* Provided information
lemma multiples_approx_int_line:
  fixes \<theta> :: "'a \<Rightarrow> real" and f :: "'i \<Rightarrow> real" and c :: "'i \<Rightarrow> 'a \<Rightarrow> int"
  assumes I: "finite I" and B: "finite B" and indep: "lin_indep_Z_1 \<theta> B" and "P > 0"
    and rel: "\<And>i. i \<in> I \<Longrightarrow> of_int P * f i = of_int (c0 i) + (\<Sum>b\<in>B. of_int (c i b) * \<theta> b)"
    and "\<epsilon> > 0"
  shows "\<exists>m::nat. m \<ge> 1 \<and> (\<forall>i\<in>I. dist_Z (real m * f i - of_int (\<Sum>b\<in>B. c i b * x b) * t) < \<epsilon>)"
proof -
  define S where "S = (\<Sum>i\<in>I. \<Sum>b\<in>B. \<bar>real_of_int (c i b)\<bar>)"
  define \<delta> where "\<delta> = \<epsilon> / (1 + S)"
  have "S \<ge> 0" unfolding S_def by (intro sum_nonneg) auto
  then have "\<delta> > 0" "S * \<delta> < \<epsilon>"
    using \<open>\<epsilon> > 0\<close> by (auto simp: \<delta>_def field_simps)
  obtain m' :: nat where "m' \<ge> 1"
    and "\<And>b. b \<in> B \<Longrightarrow> \<exists>z::int. \<bar>real m' * \<theta> b - of_int z - of_int (x b) * t\<bar> < \<delta>"
    using Kronecker_lin_indep_Z_1_pos[OF B indep \<open>\<delta> > 0\<close>, where \<alpha> = "\<lambda>b. of_int (x b) * t"] by blast
  then have "\<forall>b\<in>B. \<exists>z::int. \<bar>real m' * \<theta> b - of_int z - of_int (x b) * t\<bar> < \<delta>"
    by blast
  then obtain z where z: "\<forall>b\<in>B. \<bar>real m' * \<theta> b - of_int (z b) - of_int (x b) * t\<bar> < \<delta>"
    by (auto dest: bchoice)
  define e where "e b = real m' * \<theta> b - of_int (z b) - of_int (x b) * t" for b
  define m where "m = nat P * m'"
  show ?thesis
  proof (intro exI[of _ m] conjI ballI)
    show "m \<ge> 1" using \<open>P > 0\<close> \<open>m' \<ge> 1\<close> by (simp add: m_def)
    fix i assume "i \<in> I"
    define w where "w = int m' * c0 i + (\<Sum>b\<in>B. c i b * z b)"
    have "real m * f i = real m' * (of_int P * f i)"
      using \<open>P > 0\<close> by (simp add: m_def)
    then have "real m * f i - of_int (\<Sum>b\<in>B. c i b * x b) * t - of_int w = (\<Sum>b\<in>B. of_int (c i b) * e b)"
      by (simp add: rel[OF \<open>i \<in> I\<close>] w_def e_def algebra_simps sum_distrib_left sum_distrib_right
          sum_subtractf flip: sum.distrib)
    also have "\<bar>\<dots>\<bar> \<le> (\<Sum>b\<in>B. \<bar>of_int (c i b)\<bar>) * \<delta>"
      using z by (intro sum_abs_mult_le) (auto simp: e_def less_imp_le)
    also have "\<dots> \<le> S * \<delta>"
      unfolding S_def using I \<open>i \<in> I\<close> \<open>\<delta> > 0\<close>
      by (intro mult_right_mono member_le_sum[where f = "\<lambda>i. \<Sum>b\<in>B. \<bar>real_of_int (c i b)\<bar>"]) (auto intro: sum_nonneg)
    finally show "dist_Z (real m * f i - of_int (\<Sum>b\<in>B. c i b * x b) * t) < \<epsilon>"
      using dist_Z_le[of _ w] \<open>S * \<delta> < \<epsilon>\<close> by (meson le_less_trans)
  qed
qed
lemma reverse_cauchy_schwarz:
  assumes pp: "bform A p p < 0"
  shows "bform A p p * bform A q q \<le> (bform A p q)\<^sup>2"
proof (rule ccontr)
  assume neg: "\<not> ?thesis"
  obtain k where pk: "p k \<noteq> 0"
  proof -
    have "p \<noteq> (\<lambda>_. 0)" using pp by (auto simp: bform_def)
    then show ?thesis using that by auto
  qed
  define P M Q where "P = bform A p p" and "M = bform A p q" and "Q = bform A q q"
  define s t where "s = q k" and "t = - p k"
  have "bform A (\<lambda>m. s * p m + t * q m) (\<lambda>m. s * p m + t * q m) \<ge> 0"
    by (rule bform_nonneg_if_coordinate_zero[of _ k]) (simp add: s_def t_def)
  then have nonneg: "s\<^sup>2 * P + 2 * s * t * M + t\<^sup>2 * Q \<ge> 0"
    unfolding bform_square_combination[OF cartan_sym] P_def M_def Q_def .
  have "P * (s\<^sup>2 * P + 2 * s * t * M + t\<^sup>2 * Q) = (s * P + t * M)\<^sup>2 + t\<^sup>2 * (P * Q - M\<^sup>2)"
    by (simp add: algebra_simps power2_eq_square)
  also have "\<dots> > 0"
    using pk neg by (intro add_nonneg_pos) (simp_all add: t_def P_def Q_def M_def)
  finally show False
    using nonneg pp by (simp add: P_def zero_less_mult_iff)
qed

lemma isotropic_orthogonal_coordinate_hyperplane:
  assumes "x r = 0" and xx: "bform A x x = 0" and "h r = 0"
  shows "bform A x h = 0"
proof -
  define c d where "c = bform A x h" and "d = bform A h h"
  have "d \<ge> 0" unfolding d_def by (rule bform_nonneg_if_coordinate_zero) fact
  \<comment> \<open>The test vector \<open>x + \<tau>h\<close> has norm \<open>-c\<^sup>2(d + 2)/(d + 1)\<^sup>2\<close>.\<close>
  define \<tau> where "\<tau> = - c / (d + 1)"
  have "bform A (\<lambda>m. 1 * x m + \<tau> * h m) (\<lambda>m. 1 * x m + \<tau> * h m) \<ge> 0"
    by (rule bform_nonneg_if_coordinate_zero[of _ r]) (simp add: assms)
  then have "2 * \<tau> * c + \<tau>\<^sup>2 * d \<ge> 0"
    unfolding bform_square_combination[OF cartan_sym] xx c_def d_def by simp
  moreover have "(2 * \<tau> * c + \<tau>\<^sup>2 * d) * (d + 1)\<^sup>2 = - (c\<^sup>2 * (d + 2))"
  proof -
    have \<tau>: "\<tau> * (d + 1) = - c" using \<open>d \<ge> 0\<close> unfolding \<tau>_def by simp
    have "(2 * \<tau> * c + \<tau>\<^sup>2 * d) * (d + 1)\<^sup>2
        = 2 * c * (d + 1) * (\<tau> * (d + 1)) + d * (\<tau> * (d + 1))\<^sup>2"
      by (simp add: algebra_simps power2_eq_square)
    then show ?thesis unfolding \<tau> by (simp add: algebra_simps power2_eq_square)
  qed
  ultimately have "c\<^sup>2 * (d + 2) \<le> 0"
    by (metis neg_0_le_iff_le zero_le_mult_iff zero_le_power2)
  then show ?thesis
    using \<open>d \<ge> 0\<close> unfolding c_def by (simp add: mult_le_0_iff)
qed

* Task statement
Search the data for "rule". Copy every matching line.

* Written response
proof (rule ccontr)
    by (rule bform_nonneg_if_coordinate_zero[of _ k]) (simp add: s_def t_def)
  have "d \<ge> 0" unfolding d_def by (rule bform_nonneg_if_coordinate_zero) fact
    by (rule bform_nonneg_if_coordinate_zero[of _ r]) (simp add: assms)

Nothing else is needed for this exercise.